● **Your assignment**: Please state how many lines of the listing contain the word "metis", giving the number by itself.

━━━━━━

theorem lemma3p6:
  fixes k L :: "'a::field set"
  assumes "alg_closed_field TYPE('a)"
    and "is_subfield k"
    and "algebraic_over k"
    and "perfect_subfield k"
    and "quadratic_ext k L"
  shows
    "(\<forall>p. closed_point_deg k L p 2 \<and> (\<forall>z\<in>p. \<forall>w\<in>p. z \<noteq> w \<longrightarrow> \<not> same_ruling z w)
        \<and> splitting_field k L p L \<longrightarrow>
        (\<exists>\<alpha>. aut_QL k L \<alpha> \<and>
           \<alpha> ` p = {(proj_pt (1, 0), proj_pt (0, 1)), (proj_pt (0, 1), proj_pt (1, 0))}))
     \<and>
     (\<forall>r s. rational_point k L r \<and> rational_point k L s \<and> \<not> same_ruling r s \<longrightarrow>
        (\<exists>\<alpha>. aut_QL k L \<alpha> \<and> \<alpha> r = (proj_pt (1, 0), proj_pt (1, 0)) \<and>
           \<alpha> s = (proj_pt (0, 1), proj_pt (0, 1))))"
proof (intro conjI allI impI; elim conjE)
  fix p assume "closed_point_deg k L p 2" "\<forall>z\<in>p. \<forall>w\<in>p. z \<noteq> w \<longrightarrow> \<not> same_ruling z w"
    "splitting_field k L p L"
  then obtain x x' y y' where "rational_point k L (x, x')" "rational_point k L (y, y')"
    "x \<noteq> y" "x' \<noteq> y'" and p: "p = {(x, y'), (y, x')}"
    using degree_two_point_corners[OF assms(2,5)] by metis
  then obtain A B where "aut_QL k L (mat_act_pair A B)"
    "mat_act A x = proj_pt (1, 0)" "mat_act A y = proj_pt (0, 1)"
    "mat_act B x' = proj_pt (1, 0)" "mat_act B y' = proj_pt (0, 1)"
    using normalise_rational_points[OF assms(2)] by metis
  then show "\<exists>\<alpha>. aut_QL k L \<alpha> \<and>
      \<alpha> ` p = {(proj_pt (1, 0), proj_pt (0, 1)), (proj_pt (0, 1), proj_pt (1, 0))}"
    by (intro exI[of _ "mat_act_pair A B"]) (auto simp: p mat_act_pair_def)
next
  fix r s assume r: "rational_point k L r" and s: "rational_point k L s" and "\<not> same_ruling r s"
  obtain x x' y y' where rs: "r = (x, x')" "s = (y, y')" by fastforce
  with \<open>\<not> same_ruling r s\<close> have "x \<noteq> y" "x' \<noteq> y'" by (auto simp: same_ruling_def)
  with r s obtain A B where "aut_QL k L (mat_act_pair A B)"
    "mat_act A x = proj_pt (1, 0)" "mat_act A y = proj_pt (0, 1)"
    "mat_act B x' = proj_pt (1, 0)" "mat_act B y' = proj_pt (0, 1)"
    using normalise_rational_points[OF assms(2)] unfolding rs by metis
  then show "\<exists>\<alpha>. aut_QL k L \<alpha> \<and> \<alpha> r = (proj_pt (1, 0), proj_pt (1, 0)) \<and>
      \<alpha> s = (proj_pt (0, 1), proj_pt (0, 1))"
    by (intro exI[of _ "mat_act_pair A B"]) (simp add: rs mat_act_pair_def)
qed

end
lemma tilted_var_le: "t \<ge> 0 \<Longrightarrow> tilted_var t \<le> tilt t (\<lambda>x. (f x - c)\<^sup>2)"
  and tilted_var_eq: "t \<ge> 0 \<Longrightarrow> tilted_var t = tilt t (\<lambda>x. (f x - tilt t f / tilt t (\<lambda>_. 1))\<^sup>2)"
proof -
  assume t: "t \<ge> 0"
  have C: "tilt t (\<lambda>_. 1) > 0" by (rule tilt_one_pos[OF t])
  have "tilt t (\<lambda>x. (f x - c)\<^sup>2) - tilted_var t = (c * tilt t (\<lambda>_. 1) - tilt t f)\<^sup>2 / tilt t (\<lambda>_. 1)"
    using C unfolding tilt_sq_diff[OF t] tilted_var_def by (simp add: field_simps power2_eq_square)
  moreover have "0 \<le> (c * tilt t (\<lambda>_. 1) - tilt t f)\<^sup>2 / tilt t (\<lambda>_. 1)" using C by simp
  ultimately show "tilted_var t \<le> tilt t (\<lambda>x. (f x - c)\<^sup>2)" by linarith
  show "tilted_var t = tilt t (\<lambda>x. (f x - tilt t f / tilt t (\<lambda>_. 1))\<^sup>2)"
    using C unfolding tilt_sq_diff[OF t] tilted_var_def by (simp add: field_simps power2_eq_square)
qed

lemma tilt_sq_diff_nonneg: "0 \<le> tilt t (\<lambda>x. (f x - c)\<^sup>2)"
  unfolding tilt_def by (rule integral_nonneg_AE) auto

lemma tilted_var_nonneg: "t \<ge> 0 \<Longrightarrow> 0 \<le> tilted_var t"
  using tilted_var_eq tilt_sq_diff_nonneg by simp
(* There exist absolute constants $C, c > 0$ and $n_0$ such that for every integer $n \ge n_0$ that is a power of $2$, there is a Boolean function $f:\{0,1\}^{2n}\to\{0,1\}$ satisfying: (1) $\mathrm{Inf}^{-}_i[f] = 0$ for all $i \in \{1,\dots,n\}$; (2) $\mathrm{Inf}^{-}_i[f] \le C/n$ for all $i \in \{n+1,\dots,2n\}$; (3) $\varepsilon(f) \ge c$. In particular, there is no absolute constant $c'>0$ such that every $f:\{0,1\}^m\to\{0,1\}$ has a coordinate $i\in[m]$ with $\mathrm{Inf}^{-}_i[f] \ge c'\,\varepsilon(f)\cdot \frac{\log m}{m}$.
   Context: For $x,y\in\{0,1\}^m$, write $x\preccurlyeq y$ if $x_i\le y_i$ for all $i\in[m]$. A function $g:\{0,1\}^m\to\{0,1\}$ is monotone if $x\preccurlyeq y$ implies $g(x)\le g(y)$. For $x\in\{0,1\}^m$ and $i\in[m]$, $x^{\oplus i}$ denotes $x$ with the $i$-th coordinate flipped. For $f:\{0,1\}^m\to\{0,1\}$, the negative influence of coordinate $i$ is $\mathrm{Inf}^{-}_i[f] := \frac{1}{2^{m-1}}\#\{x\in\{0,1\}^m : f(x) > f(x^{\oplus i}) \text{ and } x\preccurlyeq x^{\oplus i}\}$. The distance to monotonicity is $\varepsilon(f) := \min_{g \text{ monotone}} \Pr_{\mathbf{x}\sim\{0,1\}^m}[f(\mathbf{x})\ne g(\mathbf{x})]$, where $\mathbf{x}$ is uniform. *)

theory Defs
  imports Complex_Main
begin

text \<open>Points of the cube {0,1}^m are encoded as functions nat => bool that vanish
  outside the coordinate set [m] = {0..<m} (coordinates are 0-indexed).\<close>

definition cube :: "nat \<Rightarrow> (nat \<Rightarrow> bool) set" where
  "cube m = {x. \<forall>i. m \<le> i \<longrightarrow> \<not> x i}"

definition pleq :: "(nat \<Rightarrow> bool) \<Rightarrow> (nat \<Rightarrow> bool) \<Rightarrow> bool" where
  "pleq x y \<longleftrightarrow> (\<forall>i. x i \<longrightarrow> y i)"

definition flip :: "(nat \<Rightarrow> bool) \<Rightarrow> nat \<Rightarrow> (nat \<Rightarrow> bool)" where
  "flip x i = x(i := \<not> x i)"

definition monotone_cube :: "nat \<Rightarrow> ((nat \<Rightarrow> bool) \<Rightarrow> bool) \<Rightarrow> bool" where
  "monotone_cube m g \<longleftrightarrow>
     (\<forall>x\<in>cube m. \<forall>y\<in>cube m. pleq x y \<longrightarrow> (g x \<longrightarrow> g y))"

━━━━━━

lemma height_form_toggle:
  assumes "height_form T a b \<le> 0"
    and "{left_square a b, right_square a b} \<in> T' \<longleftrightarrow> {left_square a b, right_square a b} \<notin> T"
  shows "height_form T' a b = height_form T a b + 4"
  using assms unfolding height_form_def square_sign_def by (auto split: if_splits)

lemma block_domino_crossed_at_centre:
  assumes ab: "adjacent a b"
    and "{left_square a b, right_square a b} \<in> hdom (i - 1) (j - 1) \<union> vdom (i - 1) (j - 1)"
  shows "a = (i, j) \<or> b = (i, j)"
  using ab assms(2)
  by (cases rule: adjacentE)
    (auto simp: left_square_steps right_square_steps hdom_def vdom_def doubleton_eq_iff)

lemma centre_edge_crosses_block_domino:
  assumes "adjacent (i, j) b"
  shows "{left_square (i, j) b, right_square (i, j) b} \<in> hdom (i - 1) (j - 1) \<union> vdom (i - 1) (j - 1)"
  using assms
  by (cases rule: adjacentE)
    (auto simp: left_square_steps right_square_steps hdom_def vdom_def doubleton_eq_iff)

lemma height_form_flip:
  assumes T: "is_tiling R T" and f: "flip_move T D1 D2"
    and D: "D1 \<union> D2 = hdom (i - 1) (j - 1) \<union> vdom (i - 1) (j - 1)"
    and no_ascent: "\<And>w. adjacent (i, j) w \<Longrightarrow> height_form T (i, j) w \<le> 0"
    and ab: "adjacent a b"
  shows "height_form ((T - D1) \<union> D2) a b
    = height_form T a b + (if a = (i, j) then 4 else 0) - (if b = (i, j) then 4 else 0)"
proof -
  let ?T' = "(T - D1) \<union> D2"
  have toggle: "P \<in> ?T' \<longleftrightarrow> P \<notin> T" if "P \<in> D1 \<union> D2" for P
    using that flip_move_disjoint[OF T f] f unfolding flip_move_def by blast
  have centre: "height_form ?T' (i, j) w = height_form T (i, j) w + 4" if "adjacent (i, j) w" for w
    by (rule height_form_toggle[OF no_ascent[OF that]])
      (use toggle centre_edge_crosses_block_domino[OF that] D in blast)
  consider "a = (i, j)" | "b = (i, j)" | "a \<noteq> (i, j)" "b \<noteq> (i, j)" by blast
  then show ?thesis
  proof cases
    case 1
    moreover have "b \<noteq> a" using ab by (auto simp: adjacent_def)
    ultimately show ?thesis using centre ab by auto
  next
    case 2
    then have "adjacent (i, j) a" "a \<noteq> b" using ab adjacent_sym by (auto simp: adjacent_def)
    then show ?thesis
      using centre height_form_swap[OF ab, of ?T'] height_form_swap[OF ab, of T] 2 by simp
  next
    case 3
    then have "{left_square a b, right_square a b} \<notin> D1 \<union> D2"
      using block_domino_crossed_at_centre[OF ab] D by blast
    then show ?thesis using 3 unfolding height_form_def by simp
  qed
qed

━━━━━━

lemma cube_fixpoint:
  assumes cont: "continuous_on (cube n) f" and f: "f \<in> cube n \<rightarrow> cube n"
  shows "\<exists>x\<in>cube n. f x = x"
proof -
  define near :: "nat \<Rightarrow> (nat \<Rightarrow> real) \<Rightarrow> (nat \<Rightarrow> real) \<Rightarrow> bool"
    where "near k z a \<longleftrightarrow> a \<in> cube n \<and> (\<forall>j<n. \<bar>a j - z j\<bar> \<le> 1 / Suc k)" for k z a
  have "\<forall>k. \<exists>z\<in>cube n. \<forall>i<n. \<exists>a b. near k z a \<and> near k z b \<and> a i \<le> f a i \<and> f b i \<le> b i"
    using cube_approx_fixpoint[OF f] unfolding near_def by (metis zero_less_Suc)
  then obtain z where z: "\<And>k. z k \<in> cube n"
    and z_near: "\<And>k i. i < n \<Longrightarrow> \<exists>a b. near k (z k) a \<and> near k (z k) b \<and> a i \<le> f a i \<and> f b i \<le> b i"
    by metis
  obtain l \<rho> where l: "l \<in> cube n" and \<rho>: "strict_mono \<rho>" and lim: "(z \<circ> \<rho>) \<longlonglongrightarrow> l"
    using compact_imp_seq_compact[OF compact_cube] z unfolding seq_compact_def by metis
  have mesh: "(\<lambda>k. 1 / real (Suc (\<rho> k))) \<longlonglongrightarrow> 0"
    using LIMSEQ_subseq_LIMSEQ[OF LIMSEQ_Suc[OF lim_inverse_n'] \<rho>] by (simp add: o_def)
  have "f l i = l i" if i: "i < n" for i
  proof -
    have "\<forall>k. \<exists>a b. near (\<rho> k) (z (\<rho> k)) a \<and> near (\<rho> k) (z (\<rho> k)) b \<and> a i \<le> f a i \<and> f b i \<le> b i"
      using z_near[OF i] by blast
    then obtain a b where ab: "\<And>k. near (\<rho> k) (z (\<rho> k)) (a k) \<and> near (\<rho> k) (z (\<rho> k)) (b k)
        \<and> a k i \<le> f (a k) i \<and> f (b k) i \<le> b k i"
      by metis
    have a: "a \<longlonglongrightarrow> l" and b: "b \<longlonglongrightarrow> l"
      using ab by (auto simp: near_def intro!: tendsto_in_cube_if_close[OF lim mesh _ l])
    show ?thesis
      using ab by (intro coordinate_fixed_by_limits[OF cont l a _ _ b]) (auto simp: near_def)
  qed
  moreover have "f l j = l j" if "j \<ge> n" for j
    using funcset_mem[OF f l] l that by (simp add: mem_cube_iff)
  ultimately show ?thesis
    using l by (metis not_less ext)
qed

━━━━━━

● **Final answer**: 8